Мария вела себя так, будто изучала каждое движение профессора и будто наблюдала за ним и за собой со стороны.
Трегурт двигался мягко, без молодой страсти, хотя женское тело под ним было прекрасно и каждый изгиб его представлялся профессору рисунком волшебника. Но Трегурт тоже наблюдал, ибо хотел понять, кем была лежавшая под ним красавица, источавшая запах ромашек. Он входил в это тело, но ему казалось, что он погружался не в женское лоно, а в непостижимую для разума Бездну…
***
Порой он слышал музыку. Она звучала где–то в нём, глубоко внутри. Но это было нечто особенное. Тpегуpт не знал таких инструментов, ведь на Земле ничто не умело издавать столь размазанных звуков. Они были низки, протяжны и звонки…
Такая музыка играла в нём в особое настроение, когда профессор чувствовал себя странно, неуютно, но легко. И тогда все становилось ничтожно малым и ощущалось физическое присутствие чего–то огромного, неподдающегося человеческому восприятию. И он, понимая величие этого, содрогался перед человеком – существом маленьким, не способным постигать самое важное, но творящим мелкое и незначительное, называемое историей.
Тpегуpт замечал, что именно в такие минуты у него появлялось ощущение всемогущества. Он мог подняться над Землей, оставив городские огни далеко внизу, мог сломать стену, мог вместиться в собственный мизинец. Он смог бы всё… если бы ещё один только шаг. Но этот последний шаг исчезал, и вместе с ним растворялась способность стать чем–то Большим, частью этого, покинуть оболочку Маленького Человека…

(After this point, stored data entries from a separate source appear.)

lemma AE_clock_space_frequently_gt:
  fixes c :: "nat \<Rightarrow> nat \<times> nat"
  assumes "0 < \<mu>" and "inj c"
  shows "AE \<omega> in clock_space \<mu>. \<forall>N. \<exists>k\<ge>N. T < \<omega> (c k)"
proof -
  interpret P: prob_space "clock_space \<mu>" by (rule prob_space_clock_space[OF assms(1)])
  define q where "q = max (erlang_CDF 0 \<mu> T) (erlang_CDF 0 1 T)"
  have q: "0 \<le> q" "q < 1"
    using assms(1) unfolding q_def by (auto simp: erlang_CDF_0 max_def)
  define B where "B N = {\<omega>. \<forall>k\<ge>N. \<omega> (c k) \<le> T}" for N
  have B_null: "B N \<in> null_sets (clock_space \<mu>)" for N
  proof -
    have "B N = {\<omega>\<in>space (clock_space \<mu>). \<forall>k. \<omega> (c (k + N)) \<le> T}"
      unfolding B_def by (auto, metis le_add_diff_inverse2)
    also have "\<dots> \<in> sets (clock_space \<mu>)"
      unfolding clock_space_def by measurable
    finally have B_sets: "B N \<in> sets (clock_space \<mu>)" .
    have "P.prob (B N) \<le> q ^ K" for K
    proof -
      have J: "finite (c ` {N..<N + K})" "card (c ` {N..<N + K}) = K"
        using assms(2) by (auto simp: card_image inj_on_subset)
      have "P.prob (B N) \<le> P.prob {\<omega>. \<forall>i\<in>c ` {N..<N + K}. \<omega> i \<le> T}"
        by (rule P.finite_measure_mono[OF _ sets_clock_space_all_le[OF J(1)]]) (auto simp: B_def)
      also have "\<dots> \<le> q ^ K"
        using measure_clock_space_all_le_bound[OF assms(1) J(1)] J(2) unfolding q_def by simp
      finally show ?thesis .
    qed
    moreover have "(\<lambda>K. q ^ K) \<longlonglongrightarrow> 0"
      using q by (intro LIMSEQ_power_zero) auto
    ultimately have "P.prob (B N) \<le> 0"
      by (intro LIMSEQ_le_const) auto
    then show ?thesis
      using B_sets measure_nonneg[of "clock_space \<mu>" "B N"]
      by (auto simp: null_sets_def P.emeasure_eq_measure)
  qed
  show ?thesis
  proof (rule AE_I')
    show "(\<Union>N. B N) \<in> null_sets (clock_space \<mu>)"
      using B_null by (rule null_sets_UN)
  qed (auto simp: B_def not_less)
qed

text \<open>A bond whose first waiting time exceeds \<open>\<tau>\<close> is silent up to time \<open>\<tau>\<close>, and for each
  integer bound there are arbitrarily distant such bonds.\<close>

lemma AE_clock_space_regular:
  assumes "0 < \<mu>"
  shows "AE \<omega> in clock_space \<mu>. (\<forall>m \<tau>. finite (ring_times \<omega> m \<tau>)) \<and> (\<forall>\<tau> N. \<exists>m\<ge>N. silent \<omega> \<tau> m)"
proof -
  have "AE \<omega> in clock_space \<mu>. \<forall>b N. \<exists>k\<ge>N. 1 < \<omega> (b, k)"
    using AE_clock_space_frequently_gt[OF assms, of "\<lambda>k. (b, k)" 1 for b]
    by (subst AE_all_countable) (simp add: inj_def)
  moreover have "AE \<omega> in clock_space \<mu>. \<forall>T::nat. \<forall>N. \<exists>m\<ge>N. real T < \<omega> (m, 0)"
    using AE_clock_space_frequently_gt[OF assms, of "\<lambda>m. (m, 0)" "real T" for T]
    by (subst AE_all_countable) (simp add: inj_def)
  ultimately show ?thesis
    using AE_clock_space_pos[OF assms]
  proof eventually_elim
    case (elim \<omega>)
    have pos: "\<forall>c. 0 < \<omega> c" using elim(3) .
    have "finite (ring_times \<omega> m \<tau>)" for m \<tau>
      using finite_ring_times[OF pos] ring_time_unbounded[OF pos] elim(1) by blast
    moreover have "\<exists>m\<ge>N. silent \<omega> \<tau> m" for \<tau> N
    proof -
      obtain m where "m \<ge> N" "real (nat \<lceil>\<tau>\<rceil>) < \<omega> (m, 0)"
        using elim(2) by blast
      moreover have "\<tau> \<le> real (nat \<lceil>\<tau>\<rceil>)"
        by linarith
      ultimately show ?thesis
        using first_le_ring_time[OF pos, of m] unfolding silent_def by (meson le_less_trans less_le_trans)
    qed
    ultimately show ?case by blast
  qed
qed

theorem proposition5p4:
  fixes n :: nat and \<mu> :: real
  assumes "1 \<le> n" and "0 < \<mu>"
  shows "AE \<omega> in clock_space \<mu>. \<forall>\<tau>\<ge>0. \<forall>i<n.
           height_fin n \<omega> \<tau> (int i + 1) (- int i - 1)
             = min (height_inf \<omega> \<tau> (int i + 1) (- int i - 1)) (n - i)"
  using AE_clock_space_regular[OF assms(2)]
  by eventually_elim (auto intro: height_fin_eq_min_height_inf)

end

Всегда не хватало самой малости, чтобы суметь. И пропадала музыка. Музыка души.
Тpегуpту начинало казаться, что дорога к Тоннелю открывалась лишь вне реальной жизни. Но ведь нет другой жизни, кроме нашей. Так мы привыкли думать…
Мадам Шоспье приподнялась на локтях и застыла, устремив взгляд на кончики пальцев ног. В коричневом свете задёрнутых гардин её неподвижное тело казалось каменным изваянием.
Но вот статуя шевельнулась и села.
Она размышляет, решил Тpегуpт. О чём? Кто она? Почему она к нему приходит? Она будто живёт другой жизнью. Она спрашивает его обо всем, но профессор чувствовал, что она знает несравнимо больше, чем он
сам. Она словно не была человеком, а пыталась им быть…
***
Женщина (или это было какое–то иное существо в женском теле?) оперлась рукой о колено. Краем глаза она окинула разбросанные одеяла и подушки. Она не могла понять. Она не могла осмыслить земные ощущения, которыми живут эти Маленькие Люди.
Приходящие из Космоса были Высшим Разумом. Они могли занять любую свободную скорлупку Маленького Человека. Они становились похожими на землян, смотрели, беседовали, ели, пили, спали. Но ни один из них не говорил, что он – часть Высшего Разума. Те, кто был Высшим Разумом, овладели многим, но не всем. Они на сотни ступеней поднялись выше людей, но еще много оставалось до вершин Сознания, до Света, в котором рождается Звёздный Ребёнок. Они были великими по сравнению с Маленькими Людьми, но не могли понять многого из того, чем жили люди.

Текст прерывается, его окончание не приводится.